■ **WHAT TO WORK ON**: Print every line below. Match each one exactly.
SUPPLIED ENTRIES section start
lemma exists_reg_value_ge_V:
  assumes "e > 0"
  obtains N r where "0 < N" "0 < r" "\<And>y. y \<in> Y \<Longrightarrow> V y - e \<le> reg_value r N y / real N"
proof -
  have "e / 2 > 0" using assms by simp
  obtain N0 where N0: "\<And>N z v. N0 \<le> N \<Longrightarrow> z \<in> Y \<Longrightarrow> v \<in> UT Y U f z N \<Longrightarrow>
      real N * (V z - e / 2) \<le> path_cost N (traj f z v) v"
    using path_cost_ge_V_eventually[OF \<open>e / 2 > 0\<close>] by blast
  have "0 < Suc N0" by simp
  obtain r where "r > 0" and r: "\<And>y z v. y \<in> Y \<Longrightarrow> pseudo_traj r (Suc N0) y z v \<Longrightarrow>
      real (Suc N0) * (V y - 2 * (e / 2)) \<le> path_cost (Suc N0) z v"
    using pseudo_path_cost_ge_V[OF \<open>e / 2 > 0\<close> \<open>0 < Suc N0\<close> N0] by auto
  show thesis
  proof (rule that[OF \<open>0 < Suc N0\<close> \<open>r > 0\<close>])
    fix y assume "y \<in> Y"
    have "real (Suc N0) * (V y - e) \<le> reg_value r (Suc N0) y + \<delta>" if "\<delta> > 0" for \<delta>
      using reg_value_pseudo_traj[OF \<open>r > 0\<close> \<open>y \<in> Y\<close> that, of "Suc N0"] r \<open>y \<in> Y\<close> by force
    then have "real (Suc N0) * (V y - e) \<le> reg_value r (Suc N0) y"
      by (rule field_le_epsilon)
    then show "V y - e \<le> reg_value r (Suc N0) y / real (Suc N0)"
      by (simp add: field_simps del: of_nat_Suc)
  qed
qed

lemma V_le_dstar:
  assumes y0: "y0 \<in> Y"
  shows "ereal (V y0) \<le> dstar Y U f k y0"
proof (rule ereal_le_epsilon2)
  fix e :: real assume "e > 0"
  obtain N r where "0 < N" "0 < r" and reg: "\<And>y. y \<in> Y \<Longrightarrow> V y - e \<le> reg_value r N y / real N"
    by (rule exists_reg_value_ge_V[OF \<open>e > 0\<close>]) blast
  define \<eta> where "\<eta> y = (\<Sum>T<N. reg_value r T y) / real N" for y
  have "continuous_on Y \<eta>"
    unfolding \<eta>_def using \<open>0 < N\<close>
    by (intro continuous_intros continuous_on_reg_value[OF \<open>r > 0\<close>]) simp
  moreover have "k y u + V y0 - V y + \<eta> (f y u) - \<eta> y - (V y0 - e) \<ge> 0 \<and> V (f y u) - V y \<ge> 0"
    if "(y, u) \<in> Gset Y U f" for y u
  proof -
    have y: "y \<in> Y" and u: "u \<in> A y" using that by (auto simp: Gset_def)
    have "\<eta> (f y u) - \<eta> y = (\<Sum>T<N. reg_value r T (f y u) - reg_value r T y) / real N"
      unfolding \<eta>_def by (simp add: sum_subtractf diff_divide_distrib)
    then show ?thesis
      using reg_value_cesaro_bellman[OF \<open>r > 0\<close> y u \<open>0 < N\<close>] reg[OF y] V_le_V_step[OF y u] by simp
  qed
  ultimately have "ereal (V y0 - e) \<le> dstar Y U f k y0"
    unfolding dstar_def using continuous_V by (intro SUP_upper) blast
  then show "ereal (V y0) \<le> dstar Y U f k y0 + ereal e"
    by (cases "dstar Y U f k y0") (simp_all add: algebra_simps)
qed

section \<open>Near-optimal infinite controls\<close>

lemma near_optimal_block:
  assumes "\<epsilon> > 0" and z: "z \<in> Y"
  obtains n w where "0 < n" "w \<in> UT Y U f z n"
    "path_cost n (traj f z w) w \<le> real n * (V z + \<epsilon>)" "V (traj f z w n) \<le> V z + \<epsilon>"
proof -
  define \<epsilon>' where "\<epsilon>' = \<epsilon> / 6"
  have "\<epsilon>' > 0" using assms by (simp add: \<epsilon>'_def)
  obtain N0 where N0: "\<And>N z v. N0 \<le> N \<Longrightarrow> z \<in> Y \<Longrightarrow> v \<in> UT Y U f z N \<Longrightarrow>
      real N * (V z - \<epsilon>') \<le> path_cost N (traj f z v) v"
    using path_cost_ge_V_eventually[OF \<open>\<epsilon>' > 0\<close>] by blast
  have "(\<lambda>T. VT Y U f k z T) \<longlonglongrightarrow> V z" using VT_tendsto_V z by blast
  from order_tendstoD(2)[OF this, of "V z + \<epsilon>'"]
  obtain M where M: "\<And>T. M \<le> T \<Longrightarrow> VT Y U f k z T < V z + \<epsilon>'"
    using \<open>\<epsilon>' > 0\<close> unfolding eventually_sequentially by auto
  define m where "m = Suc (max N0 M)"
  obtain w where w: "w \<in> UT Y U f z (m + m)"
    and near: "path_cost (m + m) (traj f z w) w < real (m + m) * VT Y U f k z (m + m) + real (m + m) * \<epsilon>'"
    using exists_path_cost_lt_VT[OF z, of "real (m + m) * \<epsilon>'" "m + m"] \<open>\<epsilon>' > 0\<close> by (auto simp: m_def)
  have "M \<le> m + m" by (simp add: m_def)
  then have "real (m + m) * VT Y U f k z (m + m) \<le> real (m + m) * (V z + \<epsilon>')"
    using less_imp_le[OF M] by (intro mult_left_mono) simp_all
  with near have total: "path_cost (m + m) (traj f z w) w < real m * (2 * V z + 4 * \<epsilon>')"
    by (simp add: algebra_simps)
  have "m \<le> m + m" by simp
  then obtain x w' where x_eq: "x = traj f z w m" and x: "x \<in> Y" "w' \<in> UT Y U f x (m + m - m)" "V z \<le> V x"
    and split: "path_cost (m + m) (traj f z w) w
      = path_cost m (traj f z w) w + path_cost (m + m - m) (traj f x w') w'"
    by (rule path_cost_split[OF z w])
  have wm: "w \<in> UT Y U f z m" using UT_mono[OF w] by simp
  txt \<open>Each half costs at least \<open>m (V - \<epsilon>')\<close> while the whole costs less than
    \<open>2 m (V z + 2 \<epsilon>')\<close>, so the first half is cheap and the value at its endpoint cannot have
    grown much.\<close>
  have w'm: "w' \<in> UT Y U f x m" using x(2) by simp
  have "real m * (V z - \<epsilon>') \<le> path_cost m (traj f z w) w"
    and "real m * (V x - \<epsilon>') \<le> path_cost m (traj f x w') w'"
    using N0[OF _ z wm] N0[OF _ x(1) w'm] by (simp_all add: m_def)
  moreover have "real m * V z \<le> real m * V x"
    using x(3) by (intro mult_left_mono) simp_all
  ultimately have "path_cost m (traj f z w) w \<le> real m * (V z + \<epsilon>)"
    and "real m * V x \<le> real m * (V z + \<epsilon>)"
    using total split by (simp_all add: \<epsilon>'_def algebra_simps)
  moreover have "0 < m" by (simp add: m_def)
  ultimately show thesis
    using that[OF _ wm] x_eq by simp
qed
SUPPLIED ENTRIES section end
■ **RESPONSE BOX**:
lemma exists_reg_value_ge_V:
  assumes "e > 0"
  obtains N r where "0 < N" "0 < r" "\<And>y. y \<in> Y \<Longrightarrow> V y - e \<le> reg_value r N y / real N"
proof -
  have "e / 2 > 0" using assms by simp
  obtain N0 where N0: "\<And>N z v. N0 \<le> N \<Longrightarrow> z \<in> Y \<Longrightarrow> v \<in> UT Y U f z N \<Longrightarrow>
      real N * (V z - e / 2) \<le> path_cost N (traj f z v) v"
    using path_cost_ge_V_eventually[OF \<open>e / 2 > 0\<close>] by blast
  have "0 < Suc N0" by simp
  obtain r where "r > 0" and r: "\<And>y z v. y \<in> Y \<Longrightarrow> pseudo_traj r (Suc N0) y z v \<Longrightarrow>
      real (Suc N0) * (V y - 2 * (e / 2)) \<le> path_cost (Suc N0) z v"
    using pseudo_path_cost_ge_V[OF \<open>e / 2 > 0\<close> \<open>0 < Suc N0\<close> N0] by auto
  show thesis
  proof (rule that[OF \<open>0 < Suc N0\<close> \<open>r > 0\<close>])
    fix y assume "y \<in> Y"
    have "real (Suc N0) * (V y - e) \<le> reg_value r (Suc N0) y + \<delta>" if "\<delta> > 0" for \<delta>
      using reg_value_pseudo_traj[OF \<open>r > 0\<close> \<open>y \<in> Y\<close> that, of "Suc N0"] r \<open>y \<in> Y\<close> by force
    then have "real (Suc N0) * (V y - e) \<le> reg_value r (Suc N0) y"
      by (rule field_le_epsilon)
    then show "V y - e \<le> reg_value r (Suc N0) y / real (Suc N0)"
      by (simp add: field_simps del: of_nat_Suc)
  qed
qed

lemma V_le_dstar:
  assumes y0: "y0 \<in> Y"
  shows "ereal (V y0) \<le> dstar Y U f k y0"
proof (rule ereal_le_epsilon2)
  fix e :: real assume "e > 0"
  obtain N r where "0 < N" "0 < r" and reg: "\<And>y. y \<in> Y \<Longrightarrow> V y - e \<le> reg_value r N y / real N"
    by (rule exists_reg_value_ge_V[OF \<open>e > 0\<close>]) blast
  define \<eta> where "\<eta> y = (\<Sum>T<N. reg_value r T y) / real N" for y
  have "continuous_on Y \<eta>"
    unfolding \<eta>_def using \<open>0 < N\<close>
    by (intro continuous_intros continuous_on_reg_value[OF \<open>r > 0\<close>]) simp
  moreover have "k y u + V y0 - V y + \<eta> (f y u) - \<eta> y - (V y0 - e) \<ge> 0 \<and> V (f y u) - V y \<ge> 0"
    if "(y, u) \<in> Gset Y U f" for y u
  proof -
    have y: "y \<in> Y" and u: "u \<in> A y" using that by (auto simp: Gset_def)
    have "\<eta> (f y u) - \<eta> y = (\<Sum>T<N. reg_value r T (f y u) - reg_value r T y) / real N"
      unfolding \<eta>_def by (simp add: sum_subtractf diff_divide_distrib)
    then show ?thesis
      using reg_value_cesaro_bellman[OF \<open>r > 0\<close> y u \<open>0 < N\<close>] reg[OF y] V_le_V_step[OF y u] by simp
  qed
  ultimately have "ereal (V y0 - e) \<le> dstar Y U f k y0"
    unfolding dstar_def using continuous_V by (intro SUP_upper) blast
  then show "ereal (V y0) \<le> dstar Y U f k y0 + ereal e"
    by (cases "dstar Y U f k y0") (simp_all add: algebra_simps)
qed

section \<open>Near-optimal infinite controls\<close>

lemma near_optimal_block:
  assumes "\<epsilon> > 0" and z: "z \<in> Y"
  obtains n w where "0 < n" "w \<in> UT Y U f z n"
    "path_cost n (traj f z w) w \<le> real n * (V z + \<epsilon>)" "V (traj f z w n) \<le> V z + \<epsilon>"
proof -
  define \<epsilon>' where "\<epsilon>' = \<epsilon> / 6"
  have "\<epsilon>' > 0" using assms by (simp add: \<epsilon>'_def)
  obtain N0 where N0: "\<And>N z v. N0 \<le> N \<Longrightarrow> z \<in> Y \<Longrightarrow> v \<in> UT Y U f z N \<Longrightarrow>
      real N * (V z - \<epsilon>') \<le> path_cost N (traj f z v) v"
    using path_cost_ge_V_eventually[OF \<open>\<epsilon>' > 0\<close>] by blast
  have "(\<lambda>T. VT Y U f k z T) \<longlonglongrightarrow> V z" using VT_tendsto_V z by blast
  from order_tendstoD(2)[OF this, of "V z + \<epsilon>'"]
  obtain M where M: "\<And>T. M \<le> T \<Longrightarrow> VT Y U f k z T < V z + \<epsilon>'"
    using \<open>\<epsilon>' > 0\<close> unfolding eventually_sequentially by auto
  define m where "m = Suc (max N0 M)"
  obtain w where w: "w \<in> UT Y U f z (m + m)"
    and near: "path_cost (m + m) (traj f z w) w < real (m + m) * VT Y U f k z (m + m) + real (m + m) * \<epsilon>'"
    using exists_path_cost_lt_VT[OF z, of "real (m + m) * \<epsilon>'" "m + m"] \<open>\<epsilon>' > 0\<close> by (auto simp: m_def)
  have "M \<le> m + m" by (simp add: m_def)
  then have "real (m + m) * VT Y U f k z (m + m) \<le> real (m + m) * (V z + \<epsilon>')"
    using less_imp_le[OF M] by (intro mult_left_mono) simp_all
  with near have total: "path_cost (m + m) (traj f z w) w < real m * (2 * V z + 4 * \<epsilon>')"
    by (simp add: algebra_simps)
  have "m \<le> m + m" by simp
  then obtain x w' where x_eq: "x = traj f z w m" and x: "x \<in> Y" "w' \<in> UT Y U f x (m + m - m)" "V z \<le> V x"
    and split: "path_cost (m + m) (traj f z w) w
      = path_cost m (traj f z w) w + path_cost (m + m - m) (traj f x w') w'"
    by (rule path_cost_split[OF z w])
  have wm: "w \<in> UT Y U f z m" using UT_mono[OF w] by simp
  txt \<open>Each half costs at least \<open>m (V - \<epsilon>')\<close> while the whole costs less than
    \<open>2 m (V z + 2 \<epsilon>')\<close>, so the first half is cheap and the value at its endpoint cannot have
    grown much.\<close>
  have w'm: "w' \<in> UT Y U f x m" using x(2) by simp
  have "real m * (V z - \<epsilon>') \<le> path_cost m (traj f z w) w"
    and "real m * (V x - \<epsilon>') \<le> path_cost m (traj f x w') w'"
    using N0[OF _ z wm] N0[OF _ x(1) w'm] by (simp_all add: m_def)
  moreover have "real m * V z \<le> real m * V x"
    using x(3) by (intro mult_left_mono) simp_all
  ultimately have "path_cost m (traj f z w) w \<le> real m * (V z + \<epsilon>)"
    and "real m * V x \<le> real m * (V z + \<epsilon>)"
    using total split by (simp_all add: \<epsilon>'_def algebra_simps)
  moreover have "0 < m" by (simp add: m_def)
  ultimately show thesis
    using that[OF _ wm] x_eq by simp
qed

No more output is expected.